**Task description:** Go through the records below and restate each one word for word.

**Records supplied:**
(* Let $(\mathcal F,d)$ be a metric space, $\gamma\in(0,\infty]$, and $\Sigma=(\Sigma_M)_{M\in\mathbb N}$ a sequence of non-empty subsets of $\mathcal F$ which is $\gamma$-encodable. For $\alpha,\beta>0$ let $\mathcal A^\alpha(\mathcal F,\Sigma,\beta)=\{f\in\mathcal F:\sup_{M\ge1}M^\alpha d(f,\Sigma_M)\le\beta\}$, where $d(f,\Sigma_M)=\inf_{g\in\Sigma_M}d(f,g)$, and assume it is non-empty. Then $\gamma^*_e(\mathcal A^\alpha(\mathcal F,\Sigma,\beta))\ge\min(\alpha,\gamma)$.
   Context: A finite $X\subset\mathcal C$ is an $\varepsilon$-covering of $\mathcal C$ if every point of $\mathcal C$ is within distance $\varepsilon$ of some point of $X$; $N(\mathcal C,d,\varepsilon)$ is the minimal size of such a covering ($+\infty$ if none), $H=\log_2N$, and $\gamma^*_e(\mathcal C)=\sup\{\gamma>0:H(\mathcal C,d,\varepsilon)=O(\varepsilon^{-1/\gamma})\text{ as }\varepsilon\to0\}$ ($0$ if empty). For $\gamma,h>0$, a $(\gamma,h)$-encoding of $\Sigma$ is a sequence $(\Sigma(\gamma,h)_M)_M$ such that for some $c_1,c_2>0$ and all $M$, $\Sigma(\gamma,h)_M$ is a $c_1M^{-\gamma}$-covering of $\Sigma_M$ with $\log_2|\Sigma(\gamma,h)_M|\le c_2M^{1+h}$. $\Sigma$ is $\gamma$-encodable if it admits a $(\gamma,h)$-encoding for every $h>0$, and $\infty$-encodable if $\gamma$-encodable for all $\gamma>0$. *)

theory Defs
  imports "HOL-Analysis.Analysis" "HOL-Library.Extended_Nat" "HOL-Library.Extended_Real"
begin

**Response below:**
(* Let $(\mathcal F,d)$ be a metric space, $\gamma\in(0,\infty]$, and $\Sigma=(\Sigma_M)_{M\in\mathbb N}$ a sequence of non-empty subsets of $\mathcal F$ which is $\gamma$-encodable. For $\alpha,\beta>0$ let $\mathcal A^\alpha(\mathcal F,\Sigma,\beta)=\{f\in\mathcal F:\sup_{M\ge1}M^\alpha d(f,\Sigma_M)\le\beta\}$, where $d(f,\Sigma_M)=\inf_{g\in\Sigma_M}d(f,g)$, and assume it is non-empty. Then $\gamma^*_e(\mathcal A^\alpha(\mathcal F,\Sigma,\beta))\ge\min(\alpha,\gamma)$.
   Context: A finite $X\subset\mathcal C$ is an $\varepsilon$-covering of $\mathcal C$ if every point of $\mathcal C$ is within distance $\varepsilon$ of some point of $X$; $N(\mathcal C,d,\varepsilon)$ is the minimal size of such a covering ($+\infty$ if none), $H=\log_2N$, and $\gamma^*_e(\mathcal C)=\sup\{\gamma>0:H(\mathcal C,d,\varepsilon)=O(\varepsilon^{-1/\gamma})\text{ as }\varepsilon\to0\}$ ($0$ if empty). For $\gamma,h>0$, a $(\gamma,h)$-encoding of $\Sigma$ is a sequence $(\Sigma(\gamma,h)_M)_M$ such that for some $c_1,c_2>0$ and all $M$, $\Sigma(\gamma,h)_M$ is a $c_1M^{-\gamma}$-covering of $\Sigma_M$ with $\log_2|\Sigma(\gamma,h)_M|\le c_2M^{1+h}$. $\Sigma$ is $\gamma$-encodable if it admits a $(\gamma,h)$-encoding for every $h>0$, and $\infty$-encodable if $\gamma$-encodable for all $\gamma>0$. *)

theory Defs
  imports "HOL-Analysis.Analysis" "HOL-Library.Extended_Nat" "HOL-Library.Extended_Real"
begin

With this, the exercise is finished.